The One Thousand Dollar Box of Tea

A couple of months ago I had the flu and discovered the savory soothing pleasures of licorice tea. IF ONLY I had stopped at a few cups. But no, I had a whole box of the stuff and drank it in the evenings and at work, it's wispy fragrance filling the borrowed cubicle where I worked on ads and brochures for a publishing company in it's busy season.
  • At first I felt tired and off balance and blamed it on my flu recovery
  • I began to have heart thumps and blamed it on too much sitting.
  • My belly and ankles swelled by mid-afternoon and I thought too little exercise was causing my body to melt and bloat.
  • I blamed the headaches on eyestrain from working two jobs.
  • I didn't like the tingling in my left hand and cramps in my legs and ignored it.
  • Then I started having full fledged panic attacks with trembles, until they were almost a daily beast. I blamed it on financial woes, world upheaval, my cat's demise, a bad review, and watching too much news.
Then last Thursday at 4pm, as I idly wondered if I was a total namby-pamby--or going off the deeps--I sipped my final cup of licorice tea and within minutes had all the symptoms slam me. I was faint, I was having heart thumps, my feet looked ready to burst the straps of my mary janes...and I had an epiphany and looked up the effects of too much licorice (glycyrrhizin). I had most of the symptoms, except the guy ones, eureka!

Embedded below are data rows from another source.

lemma idx_lt_add_eps_mono:
  assumes "i < m" "idx_lt m (\<xi>, h) (\<sigma>, k)"
  shows "idx_lt m (add_eps \<xi> i, h) (add_eps \<sigma> i, k)"
proof -
  have lexord_map_upt:
    "(map f [0..<N], map g [0..<N]) \<in> lexord {(x::nat, y). x < y} \<longleftrightarrow>
     (\<exists>j<N. (\<forall>l<j. f l = g l) \<and> f j < g j)" for f g N
    by (auto simp: lexord_take_index_conv take_map map_eq_conv)
  have "(map (add_eps \<xi> i) [0..<m-1], map (add_eps \<sigma> i) [0..<m-1]) \<in> lexord {(x, y). x < y}"
    if "(map \<xi> [0..<m-1], map \<sigma> [0..<m-1]) \<in> lexord {(x::nat, y). x < y}"
    using that unfolding lexord_map_upt by (auto simp: add_eps_def)
  with assms show ?thesis
    unfolding idx_lt_def idx_key_def by (auto simp: sum_add_eps)
qed

lemma add_eps_in_indices: "i < m \<Longrightarrow> (\<sigma>, k) \<in> indices m n \<Longrightarrow> (add_eps \<sigma> i, k) \<in> indices m n"
  by (auto simp: indices_def add_eps_def)

lemma finite_idx_le: "finite {p \<in> indices m n. idx_le m p (\<sigma>, k)}"
proof -
  let ?S = "sum \<sigma> {..<m}"
  let ?F = "{\<xi>. \<forall>j. (j \<in> {..<m} \<longrightarrow> \<xi> j \<in> {..?S}) \<and> (j \<notin> {..<m} \<longrightarrow> \<xi> j = 0)}"
  have "finite ?F" by (rule finite_set_of_finite_funs) auto
  moreover have "{p \<in> indices m n. idx_le m p (\<sigma>, k)} \<subseteq> ?F \<times> {..<n}"
  proof clarify
    fix \<xi> h assume "(\<xi>, h) \<in> indices m n" and le: "idx_le m (\<xi>, h) (\<sigma>, k)"
    then have "\<forall>i\<ge>m. \<xi> i = 0" "h < n" by (auto simp: indices_def)
    moreover have "\<xi> j \<le> ?S" if "j < m" for j
    proof -
      have "\<xi> j \<le> sum \<xi> {..<m}" using that by (intro member_le_sum) auto
      also have "\<dots> \<le> ?S" using le by (auto simp: idx_le_def idx_lt_def idx_key_def)
      finally show ?thesis .
    qed
    ultimately show "\<xi> \<in> ?F \<and> h \<in> {..<n}" by auto
  qed
  ultimately show ?thesis using finite_subset by blast
qed

lemma idx_max_exists:
  assumes "m > 0" "finite S" "S \<noteq> {}" "S \<subseteq> indices m n"
  shows "\<exists>q\<in>S. \<forall>p\<in>S. idx_le m p q"
  using assms(2,3,4)
proof (induction S rule: finite_ne_induct)
  case (singleton x) then show ?case by (simp add: idx_le_refl)
next
  case (insert x F)
  then obtain q where q: "q \<in> F" "\<forall>p\<in>F. idx_le m p q" by auto
  have x_idx: "x \<in> indices m n" and q_idx: "q \<in> indices m n" using insert.prems q by auto
  show ?case
  proof (cases "idx_lt m q x")
    case True
    then have "\<forall>p\<in>insert x F. idx_le m p x"
      using q(2) idx_le_lt_trans idx_le_refl unfolding idx_le_def[of m _ x] by blast
    then show ?thesis by blast
  next
    case False
    then have "idx_le m x q"
      using idx_lt_linear[OF assms(1) x_idx q_idx] by (auto simp: idx_le_def)
    then show ?thesis using q by blast
  qed
qed

lemma subfield_0: "is_subfield F \<Longrightarrow> 0 \<in> F" by (simp add: is_subfield_def)
lemma subfield_1: "is_subfield F \<Longrightarrow> 1 \<in> F" by (simp add: is_subfield_def)
lemma subfield_add: "is_subfield F \<Longrightarrow> x \<in> F \<Longrightarrow> y \<in> F \<Longrightarrow> x + y \<in> F" by (simp add: is_subfield_def)
lemma subfield_diff: "is_subfield F \<Longrightarrow> x \<in> F \<Longrightarrow> y \<in> F \<Longrightarrow> x - y \<in> F" by (simp add: is_subfield_def)
lemma subfield_mult: "is_subfield F \<Longrightarrow> x \<in> F \<Longrightarrow> y \<in> F \<Longrightarrow> x * y \<in> F" by (simp add: is_subfield_def)
lemma subfield_inverse: "is_subfield F \<Longrightarrow> x \<in> F \<Longrightarrow> inverse x \<in> F" by (simp add: is_subfield_def)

Wiki: "Excessive consumption of liquorice or liquorice candy is known to be toxic to the liver and cardiovascular system, and may produce hypertension  and oedema. In occasional cases blood pressure has increased with excessive consumption of liquorice tea, but such occasions are rare and reversible when the herb is withdrawn. Doses as low as 50 grams (2 oz) of liquorice daily for two weeks can cause a significant rise in blood pressure." I'd been having it daily for 2 months!
emedicine: "Symptoms of licorice toxicity may include the following:
  • Fatigue and muscle cramping
  • Dark urine (myoglobinuria)
  • Weakness (hypokalemia, myopathies)
  • Polyuria/nocturia (increased extracellular volume)
  • Edema (increased extracellular volume)
  • Dyspnea (pulmonary edema)
  • Headache (hypertension)
  • Paresthesias/dysesthesias (eg, burning sensations of extremities)
  • Impotence and diminished libido
  • Amenorrhea "
I'm currently uninsured, so I paid these (kindly reduced) prices:  I went to my doctor ($125, ka-ching) who sent me to a lab for tests of my fluids ($125 ka-ching). My blood pressure which had been 90/60 two months ago was now 160/90. He told me I looked greenish and tests showed my liver function was off. But being a doctor he dismissed my self-diagnosis and sent me for an echo cardiogram ($500, ka-ching!) heart OK! I need further blood, pee and liver tests, ka-ching, ka-ching... at $30 a cup!

I read it takes about 2 weeks for symptoms to improve. Months for the adrenal system to fully bounce back. Already I feel better, but tire out by evenings... I am eating lots of potassium rich foods and avoiding the salty ones. I am measuring my weight and ankle circumference every morning and they are going down. I have fewer of all the nasty effects. I am not crazy, just poisoned. And licorice is an ingredient in many of my other tea mixes, with names like Peaceful Mix and Happy Day. They are in a landfill now.

What is shocking? Dog medicine is better regulated than human. Any health food store can sell herbals that can kill you if used to excess. And what is excess? Not listed on the box, that's for sure.